12. ChickpeasChickpeas

The chickpeas are an important source of calcium between pulses, and 200 grams of cooked chickpeas provide 99 milligrams of calcium.

Chickpeas contain iron, zinc, magnesium, selenium, and vitamin K, contributes to improve the health of the bones of the body and even act as anticancer. Chickpeas are also an excellent source of phytoestrogens.

13. Whole Grain Bread

One slice of whole grain bread, which corresponds to 40 grams, provides 12 milligrams of calcium. Rye bread also delivers some of the calcium we need daily.

14. Orange

This fruit contains up to 74 milligrams of calcium in one large piece and 27 milligrams of calcium in one cup of orange.

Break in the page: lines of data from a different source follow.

definition L2pi_inner :: "real \<Rightarrow> real \<Rightarrow> (nat \<Rightarrow> complex) \<Rightarrow> (nat \<Rightarrow> complex) \<Rightarrow> complex" where
  "L2pi_inner \<alpha> \<sigma> f g = (\<Sum>n. f n * cnj (g n) * pi_weight \<alpha> (of_real \<sigma>) n)"

text \<open>Monic orthogonal polynomials c_n via their exponential generating function:
  c_n(x) = n-th t-derivative at t=0 of exp(x/\<alpha> log(1+t\<alpha>) - \<sigma> t/\<alpha>).\<close>
definition cpoly :: "real \<Rightarrow> real \<Rightarrow> nat \<Rightarrow> complex \<Rightarrow> complex" where
  "cpoly \<alpha> \<sigma> n x = (deriv ^^ n)
     (\<lambda>t. exp (x / of_real \<alpha> * Ln (1 + t * of_real \<alpha>) - of_real \<sigma> * t / of_real \<alpha>)) 0"

definition taylor_coeff :: "(complex \<Rightarrow> complex) \<Rightarrow> nat \<Rightarrow> complex" where
  "taylor_coeff F n = (deriv ^^ n) F 0 / of_nat (fact n)"

definition bargmann :: "real \<Rightarrow> (complex \<Rightarrow> complex) \<Rightarrow> bool" where
  "bargmann \<sigma> F \<longleftrightarrow> F holomorphic_on UNIV \<and>
     summable (\<lambda>n. (cmod (taylor_coeff F n))\<^sup>2 * fact n * \<sigma> ^ n)"

definition bargmann_inner :: "real \<Rightarrow> (complex \<Rightarrow> complex) \<Rightarrow> (complex \<Rightarrow> complex) \<Rightarrow> complex" where
  "bargmann_inner \<sigma> F G =
     (\<Sum>n. taylor_coeff F n * cnj (taylor_coeff G n) * of_nat (fact n) * of_real (\<sigma> ^ n))"

definition is_SB_transform :: "real \<Rightarrow> real \<Rightarrow> ((nat \<Rightarrow> complex) \<Rightarrow> complex \<Rightarrow> complex) \<Rightarrow> bool" where
  "is_SB_transform \<alpha> \<sigma> S \<longleftrightarrow>
     (\<forall>f. L2pi \<alpha> \<sigma> f \<longrightarrow> bargmann \<sigma> (S f)) \<and>
     (\<forall>f g a b. L2pi \<alpha> \<sigma> f \<longrightarrow> L2pi \<alpha> \<sigma> g \<longrightarrow>
        S (\<lambda>k. a * f k + b * g k) = (\<lambda>z. a * S f z + b * S g z)) \<and>
     (\<forall>f g. L2pi \<alpha> \<sigma> f \<longrightarrow> L2pi \<alpha> \<sigma> g \<longrightarrow>
        bargmann_inner \<sigma> (S f) (S g) = L2pi_inner \<alpha> \<sigma> f g) \<and>
     (\<forall>F. bargmann \<sigma> F \<longrightarrow> (\<exists>f. L2pi \<alpha> \<sigma> f \<and> S f = F)) \<and>
     (\<forall>n. S (\<lambda>k. cpoly \<alpha> \<sigma> n (of_real (\<alpha> * real k))) = (\<lambda>z. z ^ n))"

end

theory Submission
  imports Defs
begin

(* Since S is unitary with S c_n = z^n, the n-th Taylor coefficient of the entire function S f
   is (f, c_n) / (n! sigma^n).  Hence
     S f z = sum_n (z/sigma)^n / n! * sum_k f(alpha k) * conj c_n(alpha k) * pi_{alpha,sigma}{alpha k}.
   At a lattice point x = alpha k the generating function of the c_n is the entire function
   G_k(t) = (1 + alpha t)^k exp(-sigma t / alpha), so exchanging the two sums gives
   sum_k f(alpha k) * pi_{alpha,sigma}{alpha k} * G_k(z/sigma), and
   pi_{alpha,sigma}{alpha k} * G_k(z/sigma) = pi_{alpha,sigma+alpha z}{alpha k}.
   The exchange is justified by Cauchy estimates for G_k, which dominate the double series by
   a geometric series times an absolutely convergent L^2 pairing. *)

lemma suminf_eq_infsum:
  fixes f :: "nat \<Rightarrow> 'a::{topological_comm_monoid_add,t2_space}"
  shows "f summable_on UNIV \<Longrightarrow> suminf f = infsum f UNIV"
  by (metis has_sum_imp_sums has_sum_infsum sums_unique)

lemma suminf_swap_dominated:
  fixes T :: "nat \<Rightarrow> nat \<Rightarrow> 'a::banach"
  assumes bound: "\<And>n k. norm (T n k) \<le> u n * v k"
    and "summable u" and "summable v" and "\<And>n. 0 \<le> u n" and "\<And>k. 0 \<le> v k"
  shows "(\<Sum>n. \<Sum>k. T n k) = (\<Sum>k. \<Sum>n. T n k)"
proof -
  have rows: "T n summable_on UNIV" for n
    by (rule norm_summable_imp_summable_on,
        rule summable_comparison_test'[OF summable_mult[OF \<open>summable v\<close>, of "u n"]])
       (simp add: bound)
  have cols: "(\<lambda>n. T n k) summable_on UNIV" for k
    by (rule norm_summable_imp_summable_on,
        rule summable_comparison_test'[OF summable_mult2[OF \<open>summable u\<close>, of "v k"]])
       (simp add: bound)
  have "((\<lambda>k. u n * v k) has_sum u n * suminf v) UNIV" for n
    using assms by (intro has_sum_cmult_right sums_nonneg_imp_has_sum summable_sums) simp_all
  moreover have "0 \<le> suminf v"
    using assms by (intro suminf_nonneg)
  then have "(\<lambda>n. u n * suminf v) summable_on UNIV"
    using assms by (subst summable_on_UNIV_nonneg_real_iff) (auto intro: summable_mult2)
  ultimately have "(\<lambda>(n, k). u n * v k) summable_on UNIV \<times> UNIV"
    using assms by (intro summable_on_SigmaI) auto
  then have "(\<lambda>nk. norm ((\<lambda>(n, k). T n k) nk)) summable_on UNIV \<times> UNIV"
    by (rule Infinite_Sum.abs_summable_on_comparison_test') (clarsimp simp: bound)
  then have joint: "(\<lambda>(n, k). T n k) summable_on UNIV \<times> UNIV"
    by (rule Infinite_Sum.abs_summable_summable)
  then have joint_swapped: "(\<lambda>(k, n). T n k) summable_on UNIV \<times> UNIV"
    using summable_on_swap[of "\<lambda>(n, k). T n k" UNIV UNIV] by (simp add: case_prod_unfold)
  have "(\<Sum>n. \<Sum>k. T n k) = infsum (\<lambda>n. infsum (T n) UNIV) UNIV"
    using summable_on_Sigma_banach[OF joint] by (simp add: suminf_eq_infsum rows)
  also have "\<dots> = infsum (\<lambda>k. infsum (\<lambda>n. T n k) UNIV) UNIV"
    using joint by (rule infsum_swap_banach)
  also have "\<dots> = (\<Sum>k. \<Sum>n. T n k)"
    using summable_on_Sigma_banach[OF joint_swapped] by (simp add: suminf_eq_infsum cols)
  finally show ?thesis .
qed

lemma pi_weight_of_real:
  "pi_weight \<alpha> (of_real s) k = of_real (exp (- s / \<alpha>\<^sup>2) * (s / \<alpha>\<^sup>2) ^ k / fact k)"
  by (simp add: pi_weight_def exp_of_real[symmetric])

lemma norm_pi_weight_of_real:
  "0 \<le> s \<Longrightarrow> norm (pi_weight \<alpha> (of_real s) k) = exp (- s / \<alpha>\<^sup>2) * (s / \<alpha>\<^sup>2) ^ k / fact k"
  unfolding pi_weight_of_real norm_of_real by simp

lemma sums_exp:
  fixes x :: "'a::{real_normed_field,banach}"
  shows "(\<lambda>n. x ^ n / fact n) sums exp x"
  using exp_converges[of x] by (simp add: scaleR_conv_of_real divide_inverse mult.commute)

lemma pi_weight_sums: "pi_weight \<alpha> w sums 1"
proof -
  define q where "q = w / (of_real \<alpha>)\<^sup>2"
  have "(\<lambda>n. exp (- q) * (q ^ n / fact n)) sums (exp (- q) * exp q)"
    by (intro sums_mult sums_exp)
  then show ?thesis
    unfolding pi_weight_def q_def minus_divide_left
    by (simp add: exp_minus field_simps)
qed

In addition to this, they also deliver a significant amount of vitamin C that enhances the functions of the immune system, are low in calories and possess powerful antioxidants.

15. Raisins

Raisins are high in calcium, delivering 31 milligrams of calcium for 40 grams of raisins. This is beneficial to the health of bones and teeth. They also contain the boron micronutrient, which increases the absorption of calcium in our body.

16. Tofu

Tofu has 434 milligrams of calcium per half cup. Not only is it an excellent source of protein, but it also provides lots of calcium and can be used in all kinds of different preparations, even in desserts.

17. Currant

They are a fruit with a high calcium content. 72 milligrams per 100 grams. Currants, especially dried, allow raising our levels of this mineral.

18.  Watercress

This vegetable is one of the richest in calcium that we can find. In 100 grams of watercress there are 180 milligrams of calcium. They are rich and can be consumed as a dressing on pizzas, salads and also in fillings.

19. Hazelnuts

Hazelnuts are another dry fruit with high amounts of calcium inside. In 30 grams of hazelnuts we can find 56 milligrams of calcium. They are high in antioxidants, minerals and also in healthy fats.

20. Seaweed

Seaweed is ocean based algae that is full of calcium. If we consume 100 grams of seaweed we will be ingesting 168 milligrams of calcium.

In addition to calcium, seaweed is an excellent source of magnesium and other minerals.

It is an effective supplement for bone health, even better than synthetic calcium and magnesium supplements.

21. Spinach

Cooked spinach provides a good source of calcium, delivering 25 milligrams of calcium per cooked cup and just 3% of calcium if eaten raw.

In a study conducted by Creighton University, Omaha, Nebraska, it was found that while calcium levels in spinach are high, the presence of oxalates in this plant prevents absorption. However, they continue to be an efficient source of calcium for the body.